ちょっと前に偶然通りかかったビルの1階に、CDショップがありました。眺めてみるとどうもクラシックCDの専門店のようです。最初に通りかかったときは仕事先に行く途中だったので素通りでしたが、その数日後はちょうど1日出張で昼休み時間を使えたので、早速行ってみました。
 お店の名前は「プレミアムジーク」(HPはこちらをクリック)。それほど大きくないお店は、落ち着いた雰囲気でした。他の量販店でも見かけるものもありましたが、けっこう初めて見るものも多く、価格も1000円前後のいわゆる「バジェット」ものに掘り出し物がありそうでした。(元)ゲヴァントハウス・クァルテットのカール・ズスケがヴァイオリンを弾くベートーヴェンソナタやリストの歌曲集などを購入しました(どちらも「Berlin Classsics」でした)。
 ところで、このお店には、ちょっと変わった商品がありました。「ダイレクト・トランスファー・CD-R」というものです。これはSPを復刻したもので、往年の名演奏家の名前がずらりと並んでいます。お店にこの商品の紹介チラシがあり、独自の方式で「SPレコード本来の音を追求した」ものだそうです(制作者のHPはこちら)。実はちょっと前からSP復刻に興味を持っていたので、試しに2枚購入しました。エルガーのチェロ協奏曲(パブロ・カザルスとエイドリアン・ボールト指揮BBC交響楽団、1945年録音)とショパンエチュード(作品10)集(アルフレッド・コルトー、1933年録音)。

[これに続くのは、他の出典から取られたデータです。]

(* For every positive integer $n$, $N'(n,0,n-1)=n-1$.
   Context: $\mathbb{Z}_4$ is the ring of integers modulo $4$; a $\mathbb{Z}_4$-code of length $n$ is a $\mathbb{Z}_4$-submodule of $\mathbb{Z}_4^n$. Two codes are equivalent if one is obtained from the other by permuting coordinates and changing the signs of some coordinates. Every $\mathbb{Z}_4$-code is permutation-equivalent to one with generator matrix $\begin{pmatrix} I_{k_1} & A & B \\ O & 2I_{k_2} & 2D\end{pmatrix}$ with $A,D$ $(0,1)$-matrices and $B$ a $\mathbb{Z}_4$-matrix; the code then has type $4^{k_1}2^{k_2}$. The trivial extension of a code $C$ of length $n-1$ is $\{(c,0)\mid c\in C\}$ (the only code of length $0$ is the zero code). $N'(n,k_1,k_2)$ denotes the number of equivalence classes of $\mathbb{Z}_4$-codes of length $n$ and type $4^{k_1}2^{k_2}$ that are not equivalent to the trivial extension of any $\mathbb{Z}_4$-code of length $n-1$. *)

theory Defs
  imports "HOL-Combinatorics.Permutations"
begin

text \<open>Words over Z4 of length n are lists of length n with entries in {0,1,2,3} (ints);
  arithmetic is taken mod 4.\<close>

definition is_word :: "nat \<Rightarrow> int list \<Rightarrow> bool" where
  "is_word n w \<longleftrightarrow> length w = n \<and> (\<forall>x\<in>set w. 0 \<le> x \<and> x < 4)"

definition word_add :: "int list \<Rightarrow> int list \<Rightarrow> int list" where
  "word_add v w = map2 (\<lambda>x y. (x + y) mod 4) v w"

definition word_smult :: "int \<Rightarrow> int list \<Rightarrow> int list" where
  "word_smult a w = map (\<lambda>x. (a * x) mod 4) w"

definition is_code :: "nat \<Rightarrow> int list set \<Rightarrow> bool" where
  "is_code n C \<longleftrightarrow> (\<forall>w\<in>C. is_word n w) \<and> replicate n 0 \<in> C \<and>
     (\<forall>v\<in>C. \<forall>w\<in>C. word_add v w \<in> C) \<and> (\<forall>a. \<forall>w\<in>C. word_smult a w \<in> C)"

definition transform :: "nat \<Rightarrow> (nat \<Rightarrow> nat) \<Rightarrow> (nat \<Rightarrow> int) \<Rightarrow> int list \<Rightarrow> int list" where
  "transform n \<sigma> \<epsilon> w = map (\<lambda>i. (\<epsilon> i * w ! (\<sigma> i)) mod 4) [0..<n]"

definition code_equiv :: "nat \<Rightarrow> int list set \<Rightarrow> int list set \<Rightarrow> bool" where
  "code_equiv n C C' \<longleftrightarrow> (\<exists>\<sigma> \<epsilon>. \<sigma> permutes {..<n} \<and> (\<forall>i. \<epsilon> i \<in> {1, -1}) \<and>
      C' = transform n \<sigma> \<epsilon> ` C)"

definition span_code :: "nat \<Rightarrow> nat \<Rightarrow> (nat \<Rightarrow> int list) \<Rightarrow> int list set" where
  "span_code n m r = {map (\<lambda>j. (\<Sum>i<m. c i * (r i ! j)) mod 4) [0..<n] | c. True}"

text \<open>Rows of the standard-form generator matrix
  [[I_k1, A, B], [O, 2 I_k2, 2 D]].\<close>
definition std_row :: "nat \<Rightarrow> nat \<Rightarrow> nat \<Rightarrow> (nat \<Rightarrow> nat \<Rightarrow> int) \<Rightarrow> (nat \<Rightarrow> nat \<Rightarrow> int)
    \<Rightarrow> (nat \<Rightarrow> nat \<Rightarrow> int) \<Rightarrow> nat \<Rightarrow> int list" where
  "std_row n k1 k2 A B D r = map (\<lambda>j.
     if r < k1 then
       (if j < k1 then (if j = r then 1 else 0)
        else if j < k1 + k2 then A r (j - k1) else B r (j - k1 - k2))
     else
       (if j < k1 then 0
        else if j < k1 + k2 then (if j = r then 2 else 0)
        else 2 * D (r - k1) (j - k1 - k2))) [0..<n]"

text \<open>C has type 4^k1 2^k2: some coordinate permutation of C has a generator matrix in
  standard form with k1 rows of the first kind and k2 of the second.\<close>
definition has_type :: "nat \<Rightarrow> nat \<Rightarrow> nat \<Rightarrow> int list set \<Rightarrow> bool" where
  "has_type n k1 k2 C \<longleftrightarrow> k1 + k2 \<le> n \<and>
     (\<exists>\<sigma> A B D. \<sigma> permutes {..<n} \<and>
        (\<forall>i j. A i j \<in> {0, 1}) \<and> (\<forall>i j. D i j \<in> {0, 1}) \<and> (\<forall>i j. 0 \<le> B i j \<and> B i j < 4) \<and>
        transform n \<sigma> (\<lambda>_. 1) ` C = span_code n (k1 + k2) (std_row n k1 k2 A B D))"

definition trivial_ext :: "int list set \<Rightarrow> int list set" where
  "trivial_ext C = {w @ [0] | w. w \<in> C}"

definition counted_codes :: "nat \<Rightarrow> nat \<Rightarrow> nat \<Rightarrow> int list set set" where
  "counted_codes n k1 k2 = {C. is_code n C \<and> has_type n k1 k2 C \<and>
      \<not> (\<exists>C'. is_code (n - 1) C' \<and> code_equiv n C (trivial_ext C'))}"
(* Let $N\ge1$, $V=\{1,\dots,N\}$, $A$ an $N\times N$ row-stochastic matrix, and $\sigma_1,\sigma_2,\dots$ random variables with values in $V$. Consider $x(k+1)=A_{\sigma_k}x(k)$, $k\ge1$, with deterministic $x(1)\in\mathbb R^N$. Suppose: (a) $\mathcal G(A)$ is rooted. (b) There exists $\alpha>0$ such that whenever $\mathbb P(\sigma_k\mid\sigma_{k-1},\dots,\sigma_1)\neq0$, it is $\ge\alpha$. (c) For every $k\ge1$ there is $\mathscr I_k\subseteq V$ such that $\{\sigma:\mathbb P(\sigma_k=\sigma\mid\sigma_{k-1},\dots,\sigma_1)\neq0\}=\mathscr I_k$ for all past values $(\sigma_{k-1},\dots,\sigma_1)\in V^{k-1}$. (d) There exists $q>0$ with $\bigcup_{\tau=k}^{k+q-1}\mathscr I_\tau=V$ for all $k\ge1$. (e) There exists a nonempty $\chi\subseteq\mathbbm r(A)$ (a strongly connected component of $\mathbbm r(A)$, i.e. the subgraph of $\mathcal G(A)$ induced by $\chi$ is strongly connected) with $\chi\subseteq\mathscr I_k$ for all $k\ge1$. Then the iteration reaches consensus almost surely.
   Context: $\mathcal G(A)$ is the directed graph on $V$ with an edge $(j,i)$ iff $a_{ij}>0$; it is rooted if some node $r$ has a directed path to every other node, and $\mathbbm r(A)$ is the set of such roots. For $\sigma\in V$, $A_\sigma$ is the identity matrix with its $\sigma$-th row replaced by the $\sigma$-th row of $A$. For $k=1$ conditional probabilities given the empty past are unconditional. The iteration reaches consensus almost surely if for every $\varepsilon>0$ and every $x(1)$, $\lim_{k\to\infty}\mathbb P\big(\sum_{j=1}^N (x_j(k)-\frac1N\sum_{i=1}^N x_i(k))^2\ge\varepsilon\big)=0$. *)

theory Defs
  imports "HOL-Probability.Probability"
begin

text \<open>Node set V = {1..N}; matrices are functions nat => nat => real, vectors nat => real,
  only entries indexed by V matter.\<close>

definition row_stochastic :: "nat \<Rightarrow> (nat \<Rightarrow> nat \<Rightarrow> real) \<Rightarrow> bool" where
  "row_stochastic N A \<longleftrightarrow>
     (\<forall>i\<in>{1..N}. \<forall>j\<in>{1..N}. A i j \<ge> 0) \<and> (\<forall>i\<in>{1..N}. (\<Sum>j\<in>{1..N}. A i j) = 1)"

definition gedge :: "nat \<Rightarrow> (nat \<Rightarrow> nat \<Rightarrow> real) \<Rightarrow> nat \<Rightarrow> nat \<Rightarrow> bool" where
  "gedge N A j i \<longleftrightarrow> j \<in> {1..N} \<and> i \<in> {1..N} \<and> A i j > 0"

definition roots :: "nat \<Rightarrow> (nat \<Rightarrow> nat \<Rightarrow> real) \<Rightarrow> nat set" where
  "roots N A = {r\<in>{1..N}. \<forall>v\<in>{1..N}. (gedge N A)\<^sup>*\<^sup>* r v}"

definition rooted :: "nat \<Rightarrow> (nat \<Rightarrow> nat \<Rightarrow> real) \<Rightarrow> bool" where
  "rooted N A \<longleftrightarrow> roots N A \<noteq> {}"

definition induced_strongly_connected :: "nat \<Rightarrow> (nat \<Rightarrow> nat \<Rightarrow> real) \<Rightarrow> nat set \<Rightarrow> bool" where
  "induced_strongly_connected N A C \<longleftrightarrow>
     (\<forall>u\<in>C. \<forall>v\<in>C. (\<lambda>a b. gedge N A a b \<and> a \<in> C \<and> b \<in> C)\<^sup>*\<^sup>* u v)"

definition sel_mat :: "(nat \<Rightarrow> nat \<Rightarrow> real) \<Rightarrow> nat \<Rightarrow> nat \<Rightarrow> nat \<Rightarrow> real" where
  "sel_mat A s i j = (if i = s then A i j else if i = j then 1 else 0)"

definition mat_vec :: "nat \<Rightarrow> (nat \<Rightarrow> nat \<Rightarrow> real) \<Rightarrow> (nat \<Rightarrow> real) \<Rightarrow> nat \<Rightarrow> real" where
  "mat_vec N B x i = (\<Sum>j\<in>{1..N}. B i j * x j)"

 さて、聴いてみた感想ですが、よかったです。確かにノイズはありますが(ノイズリダクションはしていないそうです)、想像するよりもずっと存在感のある音で、気持ちよく聴けます。カザルスはともかく、コルトーなどはあらえびすの本などで知っているだけでちゃんと聴いたことがありませんでしたが、ちゃんと鑑賞できました。驚いたのはそのコルトーで、一聴してわかるほど「弾き間違い」があるということと、独自の演奏順になっていて、なんだかいつも聴いているエチュードと印象が違うことにビックリしました。第1番で始まり「革命」で終わるところは通常どおりですが1番の次に4番、以下5、2、7、3、6、11、9、8、10、12と並びます。最初は変な感じがしましたが、何回か聴いているとこれはこれで馴染んできます。全体での盛り上がりを意識したような感じですね。前述の「弾き間違い」と相まって、実に独特の雰囲気です。でも聴くに値するものだとは思いました。ミストーンも、難しい箇所で頻発するのではなく、早いパッセージを難なく弾くところも多いので、単なる技術不足ではないですね。よく知らないんですが、この人はこういう演奏がスタンダードなんでしょうか?パッケージには「今では聴けないエラール社のピアノの音が光り輝いている」と書かれていて、その音色を確かめるだけでも貴重だと思います。いい買い物でした。
 以上前振りです(笑)。
 さて、なぜ僕がこの2枚を求めたか?もちろん演奏者と曲目に興味があったからです。でもただそれだけではありません。この商品、パッケージの裏面に曲目と演奏家名、録音年月日・オリジナルのレコード番号などが記されていますが、その他に「録音場所」も明記されています。これに引っかかったんです。カザルスのものは「ロンドン・アビー・ロード・第1スタジオ」、コルトーは「アビー・ロード第3スタジオ」。もうおわかりですね(笑)。購入の決め手はこれでした。ビートルズファンの聖地アビイ・ロード・スタジオは、戦前から稼働していて、このようなクラシックの録音もしていたんですね(そういえば数年前に出たジョージ・マーティン卿のボックスにもクラシック作品が収録されていました)。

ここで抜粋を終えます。